* **What is required**: Each line in the entries that has the word "lambda" has to be copied.

:: Data excerpts ::

lemma prod_scaled_differences_expand:
  fixes u :: "'i \<Rightarrow> 'a::comm_ring_1"
  assumes "finite I"
  shows "(\<Prod>k\<in>I. Poly_Mapping.single 0 (u k) * (mvar (p k) - mvar (q k)))
    = (\<Sum>X\<in>Pow I. Poly_Mapping.single (pick_monomial I X q p) ((-1) ^ card X * (\<Prod>k\<in>I. u k)))"
proof -
  have factor: "Poly_Mapping.single 0 (u k) * (mvar (p k) - mvar (q k))
      = Poly_Mapping.single (Poly_Mapping.single (p k) 1) (u k)
        - Poly_Mapping.single (Poly_Mapping.single (q k) 1) (u k)" for k
    by (simp add: mvar_def right_diff_distrib mult_single)
  have summand: "(-1) ^ card X * (\<Prod>k\<in>X. Poly_Mapping.single (Poly_Mapping.single (q k) 1) (u k))
        * (\<Prod>k\<in>I - X. Poly_Mapping.single (Poly_Mapping.single (p k) 1) (u k))
      = Poly_Mapping.single (pick_monomial I X q p) ((-1) ^ card X * (\<Prod>k\<in>I. u k))"
    if "X \<subseteq> I" for X
  proof -
    have "(\<Prod>k\<in>X. Poly_Mapping.single (Poly_Mapping.single (q k) 1) (u k))
        * (\<Prod>k\<in>I - X. Poly_Mapping.single (Poly_Mapping.single (p k) 1) (u k))
        = (\<Prod>k\<in>I. if k \<in> X then Poly_Mapping.single (Poly_Mapping.single (q k) 1) (u k)
            else Poly_Mapping.single (Poly_Mapping.single (p k) 1) (u k))"
      using that by (simp add: prod.If_cases[OF assms] Int_absorb1 Diff_eq)
    also have "\<dots> = (\<Prod>k\<in>I. Poly_Mapping.single (Poly_Mapping.single (pick_end X q p k) 1) (u k))"
      by (rule prod.cong) (simp_all add: pick_end_def)
    also have "\<dots> = Poly_Mapping.single (pick_monomial I X q p) (\<Prod>k\<in>I. u k)"
      unfolding pick_monomial_def using assms by (rule prod_single)
    finally show ?thesis
      by (simp add: mult.assoc minus_one_power_iff single_uminus)
  qed
  show ?thesis
    unfolding factor prod_diff_conv_sum[OF assms] by (intro sum.cong refl summand) simp
qed

lemma card_eq_sum_lookup_pick_monomial:
  assumes "finite I" "X \<subseteq> I" "\<And>k. k \<in> I \<Longrightarrow> p k \<in> A" "\<And>k. k \<in> I \<Longrightarrow> q k \<notin> A"
  shows "card X = (\<Sum>v\<in>q ` I - A. Poly_Mapping.lookup (pick_monomial I X q p) v)"
proof -
  have "{k \<in> I. pick_end X q p k \<in> q ` I - A} = X"
    using assms(2-4) by (auto simp: pick_end_def)
  then show ?thesis
    using sum_preimage_count[of "q ` I - A" I "pick_end X q p"] assms(1)
    by (simp add: lookup_pick_monomial)
qed

lemma lookup_prod_bipartite_nonzero_iff:
  fixes u :: "'i \<Rightarrow> 'a::{idom, ring_char_0}"
  assumes "finite I" "\<And>k. k \<in> I \<Longrightarrow> p k \<in> A" "\<And>k. k \<in> I \<Longrightarrow> q k \<notin> A"
    and "\<And>k. k \<in> I \<Longrightarrow> u k \<noteq> 0"
  shows "Poly_Mapping.lookup (\<Prod>k\<in>I. Poly_Mapping.single 0 (u k) * (mvar (p k) - mvar (q k))) m \<noteq> 0
    \<longleftrightarrow> (\<exists>X\<subseteq>I. pick_monomial I X q p = m)"
proof -
  define T where "T = {X \<in> Pow I. pick_monomial I X q p = m}"
  define e where "e = (\<Sum>v\<in>q ` I - A. Poly_Mapping.lookup m v)"
  have "Poly_Mapping.lookup (\<Prod>k\<in>I. Poly_Mapping.single 0 (u k) * (mvar (p k) - mvar (q k))) m
      = (\<Sum>X\<in>T. (-1) ^ card X * (\<Prod>k\<in>I. u k))"
    unfolding prod_scaled_differences_expand[OF assms(1)] lookup_sum lookup_single when_def T_def
    using sum.inter_filter[of "Pow I" "\<lambda>X. (-1) ^ card X * (\<Prod>k\<in>I. u k)"
        "\<lambda>X. pick_monomial I X q p = m"] assms(1)
    by simp
  also have "\<dots> = (\<Sum>X\<in>T. (-1) ^ e * (\<Prod>k\<in>I. u k))"
  proof (rule sum.cong)
    fix X assume "X \<in> T"
    then have "card X = e"
      unfolding T_def e_def using card_eq_sum_lookup_pick_monomial[OF assms(1) _ assms(2,3)] by auto
    then show "(-1) ^ card X * (\<Prod>k\<in>I. u k) = (-1) ^ e * (\<Prod>k\<in>I. u k)" by simp
  qed simp
  finally have "Poly_Mapping.lookup (\<Prod>k\<in>I. Poly_Mapping.single 0 (u k) * (mvar (p k) - mvar (q k))) m
      = of_nat (card T) * ((-1) ^ e * (\<Prod>k\<in>I. u k))"
    by simp
  moreover have "(\<Prod>k\<in>I. u k) \<noteq> 0" using assms(1,4) by simp
  moreover have "finite T" using assms(1) by (simp add: T_def)
  ultimately show ?thesis by (auto simp: T_def)
qed

lemma half_degree_pick_monomial_exists:
  assumes "finite I" "\<And>v. even (preimage_count I p v + preimage_count I q v)"
  shows "\<exists>S\<subseteq>I. \<forall>v. Poly_Mapping.lookup (pick_monomial I S p q) v
    = (preimage_count I p v + preimage_count I q v) div 2"
proof -
  obtain S where S: "S \<subseteq> I" and "balanced I (pick_end S p q) (pick_end S q p)"
    using balanced_reorientation_exists[OF assms] by blast
  then have "2 * preimage_count I (pick_end S p q) v = preimage_count I p v + preimage_count I q v"
    for v using preimage_count_pick_end_swap[of I S p q v] by (simp add: balanced_def)
  then have "Poly_Mapping.lookup (pick_monomial I S p q) v
      = (preimage_count I p v + preimage_count I q v) div 2" for v
    by (metis lookup_pick_monomial nonzero_mult_div_cancel_left zero_neq_numeral)
  with S show ?thesis by blast
qed

lemma sum_lookup_pick_monomial:
  assumes "finite I" "finite V" "\<And>k. k \<in> I \<Longrightarrow> p k \<in> V" "\<And>k. k \<in> I \<Longrightarrow> q k \<in> V"
  shows "(\<Sum>v\<in>V. Poly_Mapping.lookup (pick_monomial I S p q) v) = card I"
proof -
  have "{k \<in> I. pick_end S p q k \<in> V} = I" using assms(3,4) by (auto simp: pick_end_def)
  then show ?thesis using sum_preimage_count[OF assms(2,1)] by (simp add: lookup_pick_monomial)
qed

lemma le_Max_image_if_card_mult_le_sum:
  fixes f :: "'b \<Rightarrow> nat"
  assumes "finite V" "V \<noteq> {}" "card V * d \<le> (\<Sum>v\<in>V. f v)"
  shows "d \<le> Max (f ` V)"
proof -
  have "(\<Sum>v\<in>V. f v) \<le> card V * Max (f ` V)"
    using sum_bounded_above[of V f "Max (f ` V)"] assms(1) by simp
  with assms have "card V * d \<le> card V * Max (f ` V)" by linarith
  moreover have "card V > 0" using assms(1,2) by (simp add: card_gt_0_iff)
  ultimately show ?thesis by simp
qed

lemma alon_tarsi_number_eqI:
  assumes "Poly_Mapping.lookup P m \<noteq> 0" "Max (Poly_Mapping.lookup m ` {0..<N}) = d"
    and "\<And>m'. Poly_Mapping.lookup P m' \<noteq> 0 \<Longrightarrow> d \<le> Max (Poly_Mapping.lookup m' ` {0..<N})"
  shows "alon_tarsi_number N P = d"
proof -
  have "{m. Poly_Mapping.lookup P m \<noteq> 0} = Poly_Mapping.keys P"
    by (simp add: lookup_not_eq_zero_eq_in_keys)
  then have "finite {Max (Poly_Mapping.lookup m ` {0..<N}) | m. Poly_Mapping.lookup P m \<noteq> 0}"
    using finite_image_set[of "\<lambda>m. Poly_Mapping.lookup P m \<noteq> 0"] by simp
  then show ?thesis
    unfolding alon_tarsi_number_def by (rule Min_eqI) (use assms in auto)
qed

section \<open>Regular bipartite graphs\<close>

lemma simple_graph_on_finite: "simple_graph_on N E \<Longrightarrow> finite E"
proof -
  assume "simple_graph_on N E"
  then have "E \<subseteq> Pow {0..<N}" by (force simp: simple_graph_on_def)
  then show "finite E" by (rule finite_subset) simp
qed

lemma degree_regular_graph:
  assumes "simple_graph_on N E" "regular_graph N E d"
  shows "degree E v = (if v < N then d else 0)"
proof (cases "v < N")
  case False
  then have no_edge: "{e \<in> E. v \<in> e} = {}" using assms(1) by (force simp: simple_graph_on_def)
  show ?thesis unfolding degree_def no_edge using False by simp
qed (use assms(2) in \<open>simp add: regular_graph_def\<close>)

lemma bipartite_graph_orientation:
  assumes "simple_graph_on N E" "bipartite_graph N E"
  obtains A a b where "\<And>e. e \<in> E \<Longrightarrow> e = {a e, b e} \<and> a e \<in> A \<and> b e \<notin> A \<and> a e < N \<and> b e < N"
proof -
  obtain A where A: "\<forall>e\<in>E. card (e \<inter> A) = 1"
    using assms(2) unfolding bipartite_graph_def by blast
  define a where "a e = (if Min e \<in> A then Min e else Max e)" for e :: "nat set"
  define b where "b e = (if Min e \<in> A then Max e else Min e)" for e :: "nat set"
  have "e = {a e, b e} \<and> a e \<in> A \<and> b e \<notin> A \<and> a e < N \<and> b e < N" if "e \<in> E" for e
  proof -
    from assms(1) that obtain i j where ij: "i < j" "j < N" and e: "e = {i, j}"
      unfolding simple_graph_on_def by blast
    have "card ({i, j} \<inter> A) = 1" using A that e by blast
    then have "i \<in> A \<longleftrightarrow> j \<notin> A"
      using ij(1) by (cases "i \<in> A"; cases "j \<in> A") simp_all
    with ij show ?thesis unfolding e a_def b_def by auto
  qed
  then show thesis by (rule that)
qed

lemma graph_poly_oriented:
  assumes "\<And>e. e \<in> E \<Longrightarrow> e = {a e, b e} \<and> a e \<noteq> b e"
  shows "graph_poly E = (\<Prod>e\<in>E. Poly_Mapping.single 0 (if a e < b e then 1 else -1)
    * (mvar (a e) - mvar (b e)))"
  unfolding graph_poly_def
proof (rule prod.cong)
  fix e assume "e \<in> E"
  define x y where "x = a e" and "y = b e"
  have "e = {x, y}" "x \<noteq> y" using assms[OF \<open>e \<in> E\<close>] by (simp_all add: x_def y_def)
  then show "mvar (Min e) - mvar (Max e) = Poly_Mapping.single 0 (if a e < b e then 1 else -1)
      * (mvar (a e) - mvar (b e))"
    unfolding x_def[symmetric] y_def[symmetric]
    by (cases "x < y") (auto simp: single_uminus min_def max_def)
qed simp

:::

* **Solution below**:
    using sum.inter_filter[of "Pow I" "\<lambda>X. (-1) ^ card X * (\<Prod>k\<in>I. u k)"
        "\<lambda>X. pick_monomial I X q p = m"] assms(1)
    using finite_image_set[of "\<lambda>m. Poly_Mapping.lookup P m \<noteq> 0"] by simp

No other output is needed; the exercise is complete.